— Вам легко говорить, учитель, вас не шпыняют, как Бакли.
Все обернулись на голос Силса, уверенный и негромкий. Они готовы были поддержать его. Эти слова всколыхнули во мне что-то забытое, уже несколько месяцев покоившееся в тайниках души, отозвались резкой болью. Не понимая, что делаю, я поднялся, подошел к парте Силса и остановился возле нее.
— Меня шпыняли, Силс, — сказал я спокойно, — не буду объяснять, как именно. Одно время я стал так ненавидеть людей, что хотел причинять им боль, настоящую боль. Поверьте, Силс, я очень хорошо знаю, каково это — сносить постоянные обиды, но я усвоил одно: надо быть выше твоих обидчиков. Конечно, легче всего схватиться за нож или пистолет. Но тогда в орудие превращаешься ты сам, нож и пистолет тебе уже не подвластны, и ты попадаешь в большую беду, ничего не добившись. А если под рукой ничего нет, как быть тогда?

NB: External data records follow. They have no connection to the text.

(* Let $q$ be a prime power and let $\{P_i\}$ be an infinite family of toric codes over $\mathbb{F}_q$, with $P_i\subseteq[0,q-2]^{n_i}$. If the sequence $\{M(P_i)\}$ is unbounded, then $\delta(P_i)\to0$ as $i\to\infty$.
   Context: For an integral convex polytope $P\subseteq[0,q-2]^n$: $\mathcal{L}_P=\mathrm{span}_{\mathbb{F}_q}\{x^p: p\in P\cap\mathbb{Z}^n\}$, $N(P)=\max_{0\neq f\in\mathcal{L}_P}|Z(f)|$ with $Z(f)$ the zero set of $f$ in $(\mathbb{F}_q^\times)^n$, $\delta(P)=\big((q-1)^n-N(P)\big)/(q-1)^n$, and $R(P)=|P\cap\mathbb{Z}^n|/(q-1)^n$. A sequence of nonempty integral convex polytopes $P_i\subseteq[0,q-2]^{n_i}$ is an infinite family of toric codes if $n_i\to\infty$ and $\delta(P_i)\to\delta$, $R(P_i)\to R$ for some $\delta,R\in[0,1]$. $M(P)$ denotes the largest integer $i\ge0$ such that there is a unimodular affine transformation $A$ (a map $x\mapsto Mx+\lambda$ with $M\in GL(n,\mathbb{Z})$, $\lambda\in\mathbb{Z}^n$) with $A([0,1]^i\times\{0\}^{n-i})\subseteq P$. *)

theory Defs
  imports "HOL-Analysis.Analysis"
begin

text \<open>Points of R^n are represented as functions nat => real that vanish at
coordinates j >= n; lattice points of Z^n as functions nat => int vanishing
at j >= n.  The field F_q is a finite field type 'a, q = CARD('a).\<close>

definition conv_hull_fin :: "(nat \<Rightarrow> real) set \<Rightarrow> (nat \<Rightarrow> real) set" where
  "conv_hull_fin V = {x. \<exists>u. (\<forall>v\<in>V. 0 \<le> u v) \<and> (\<Sum>v\<in>V. u v) = 1 \<and>
                          (\<forall>j. x j = (\<Sum>v\<in>V. u v * v j))}"

definition integral_polytope :: "nat \<Rightarrow> (nat \<Rightarrow> real) set \<Rightarrow> bool" where
  "integral_polytope n P \<longleftrightarrow> (\<exists>V. finite V \<and> V \<noteq> {} \<and>
     (\<forall>v\<in>V. (\<forall>j. v j \<in> \<int>) \<and> (\<forall>j\<ge>n. v j = 0)) \<and> P = conv_hull_fin V)"
definition is_eigenvalue :: "('a \<Rightarrow> 'v::ab_group_add \<Rightarrow> 'v) \<Rightarrow> ('v \<Rightarrow> 'v) \<Rightarrow> 'a \<Rightarrow> bool" where
  "is_eigenvalue s A \<theta> \<longleftrightarrow> (\<exists>v. v \<noteq> 0 \<and> A v = s \<theta> v)"

definition diagonalizable :: "('a::field \<Rightarrow> 'v::ab_group_add \<Rightarrow> 'v) \<Rightarrow> ('v \<Rightarrow> 'v) \<Rightarrow> bool" where
  "diagonalizable s A \<longleftrightarrow> module.span s {v. \<exists>\<theta>. A v = s \<theta> v} = UNIV"

text \<open>th 0, ..., th d is an ordering of the (distinct) eigenvalues of A, with
  eigenspaces V_i = eigenspace s A (th i), such that
  As V_i \<subseteq> V_(i-1) + V_i + V_(i+1) (with V_(-1) = V_(d+1) = 0).\<close>
definition standard_ordering ::
  "('a::field \<Rightarrow> 'v::ab_group_add \<Rightarrow> 'v) \<Rightarrow> ('v \<Rightarrow> 'v) \<Rightarrow> ('v \<Rightarrow> 'v) \<Rightarrow> nat \<Rightarrow> (nat \<Rightarrow> 'a) \<Rightarrow> bool" where
  "standard_ordering s A As d th \<longleftrightarrow>
     inj_on th {..d} \<and> {\<theta>. is_eigenvalue s A \<theta>} = th ` {..d} \<and>
     (\<forall>i\<le>d. \<forall>v\<in>eigenspace s A (th i).
        As v \<in> ssum (\<lambda>j. eigenspace s A (th j)) {j. j \<le> d \<and> i \<le> j + 1 \<and> j \<le> i + 1})"

definition tridiagonal_pair ::
  "('a::field \<Rightarrow> 'v::ab_group_add \<Rightarrow> 'v) \<Rightarrow> ('v \<Rightarrow> 'v) \<Rightarrow> ('v \<Rightarrow> 'v) \<Rightarrow> bool" where
  "tridiagonal_pair s A As \<longleftrightarrow>
     Vector_Spaces.linear s s A \<and> Vector_Spaces.linear s s As \<and>
     diagonalizable s A \<and> diagonalizable s As \<and>
     (\<exists>d th. standard_ordering s A As d th) \<and>
     (\<exists>\<delta> th. standard_ordering s As A \<delta> th) \<and>
     (\<forall>W. module.subspace s W \<and> A ` W \<subseteq> W \<and> As ` W \<subseteq> W \<longrightarrow> W = {0} \<or> W = UNIV)"
(* Let $(k,s)\in\mathcal A$. Then there exist $\theta>0$ and constants independent of $\delta^u,\delta^v\in(0,\delta_0]$ such that: (a) for every $\epsilon<\min\{3-k+s,\ s+5/2\}$, $$\|\mathcal B^u[u_1,v_2]\|_{L^\infty_tH^{k+\epsilon}_x}\lesssim(\delta^u)^{\theta}\|u_1\|_{L^\infty_tH^k_x}\|v_2\|_{L^\infty_tH^s_x};$$ (b) for every $\epsilon<\min\{2-s+k,\ 4k-s\}$, $$\|\mathcal B^v[u_1,u_2]\|_{L^\infty_tH^{s+\epsilon}_x}\lesssim(\delta^v)^{\theta}\|u_1\|_{L^\infty_tH^k_x}\|u_2\|_{L^\infty_tH^k_x}.$$ (Here $\theta$ and the implicit constants may depend on $k,s,\epsilon$.)
   Context: $\mathcal{A}=\{(k,s)\in\mathbb R^2: k\ge 0,\ s>-3/4,\ s<4k,\ -2<k-s<3\}$. $\mathcal F_xf(\xi)=\int e^{-ix\xi}f(x)dx$. $\delta_0>0$ is a fixed small absolute constant and $\delta^u,\delta^v\in(0,\delta_0]$. $U_\xi=\{\xi_1:100|\xi_1|<|\xi|,\ |\xi|>1/\delta^u\}$, $V_\xi=\{\xi_1:1/\delta^v<|\xi_1|<100|\xi|\}$; $\Phi_1^u(\xi,\xi_1,\xi_2)=\xi^2-\xi_1^2+\xi_2^3$, $\Phi_1^v(\xi,\xi_1,\xi_2)=-\xi^3-\xi_1^2+\xi_2^2$. The boundary operators, acting pointwise in time, are $\mathcal F_x(\mathcal B^u[f,g])(\xi)=\frac1{2\pi}\int_{\xi_1\in U_\xi}\frac{\mathcal F_xf(\xi_1)\mathcal F_xg(\xi-\xi_1)}{i\Phi_1^u(\xi,\xi_1,\xi-\xi_1)}d\xi_1$, $\mathcal F_x(\mathcal B^v[f,g])(\xi)=\frac{i\xi}{2\pi}\int_{\xi_1\in V_\xi}\frac{\mathcal F_xf(\xi_1)\overline{\mathcal F_xg(\xi_1-\xi)}}{i\Phi_1^v(\xi,\xi_1,\xi-\xi_1)}d\xi_1$. *)

theory Defs
  imports "HOL-Analysis.Analysis"
begin

text \<open>All functions of x are represented through their spatial Fourier transforms
  (F_x f)(xi) = int e^{-i x xi} f(x) dx; by Plancherel this is a bijection between H^s
  and the weighted L^2 space below.  A time-dependent function is a map
  t \<mapsto> (xi \<mapsto> F_x u(t)(xi)).\<close>

definition admissible :: "(real \<times> real) set" where
  "admissible = {(k, s). k \<ge> 0 \<and> s > -3/4 \<and> s < 4 * k \<and> -2 < k - s \<and> k - s < 3}"

definition sob_sq :: "real \<Rightarrow> (real \<Rightarrow> complex) \<Rightarrow> ennreal" where
  "sob_sq s F = (\<integral>\<^sup>+ \<xi>. ennreal ((1 + \<xi>\<^sup>2) powr s * (cmod (F \<xi>))\<^sup>2) \<partial>lborel)"

definition U_set :: "real \<Rightarrow> real \<Rightarrow> real set" where
  "U_set \<delta> \<xi> = {\<xi>1. 100 * \<bar>\<xi>1\<bar> < \<bar>\<xi>\<bar> \<and> \<bar>\<xi>\<bar> > 1 / \<delta>}"

definition V_set :: "real \<Rightarrow> real \<Rightarrow> real set" where
  "V_set \<delta> \<xi> = {\<xi>1. 1 / \<delta> < \<bar>\<xi>1\<bar> \<and> \<bar>\<xi>1\<bar> < 100 * \<bar>\<xi>\<bar>}"

definition Phi_u :: "real \<Rightarrow> real \<Rightarrow> real \<Rightarrow> real" where
  "Phi_u \<xi> \<xi>1 \<xi>2 = \<xi>\<^sup>2 - \<xi>1\<^sup>2 + \<xi>2 ^ 3"

definition Phi_v :: "real \<Rightarrow> real \<Rightarrow> real \<Rightarrow> real" where
  "Phi_v \<xi> \<xi>1 \<xi>2 = - (\<xi> ^ 3) - \<xi>1\<^sup>2 + \<xi>2\<^sup>2"

definition Bu_hat :: "real \<Rightarrow> (real \<Rightarrow> complex) \<Rightarrow> (real \<Rightarrow> complex) \<Rightarrow> real \<Rightarrow> complex" where
  "Bu_hat \<delta> Ff Fg \<xi> = (1 / (2 * complex_of_real pi)) *
     (LINT \<xi>1 : U_set \<delta> \<xi> | lborel.
        Ff \<xi>1 * Fg (\<xi> - \<xi>1) / (\<i> * complex_of_real (Phi_u \<xi> \<xi>1 (\<xi> - \<xi>1))))"

definition Bv_hat :: "real \<Rightarrow> (real \<Rightarrow> complex) \<Rightarrow> (real \<Rightarrow> complex) \<Rightarrow> real \<Rightarrow> complex" where
  "Bv_hat \<delta> Ff Fg \<xi> = (\<i> * complex_of_real \<xi> / (2 * complex_of_real pi)) *
     (LINT \<xi>1 : V_set \<delta> \<xi> | lborel.
        Ff \<xi>1 * cnj (Fg (\<xi>1 - \<xi>)) / (\<i> * complex_of_real (Phi_v \<xi> \<xi>1 (\<xi> - \<xi>1))))"

end

theory Submission
  imports Defs
begin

Я вдруг разозлился на себя — разве можно так распускаться? — и быстро вернулся к своему столу. Но класс почувствовал — что-то задело во мне незажившую рану.
— Мне очень важно выяснить, Поттер, — продолжал я, — стали ли вы самостоятельным человеком, научились ли крепко стоять на своих ногах. Вот вы начнете работать в Ковент-Гардене, и в один прекрасный день произойдет что-то такое, что вам не по душе. Как вы будете себя вести? Главная задача этой школы — выработать у вас чувство самодисциплины. Произошло ЧП — вы сорвались и вели себя с учителем недостойно. Можете ЛИ вы подняться над собой и попросить у него извинения?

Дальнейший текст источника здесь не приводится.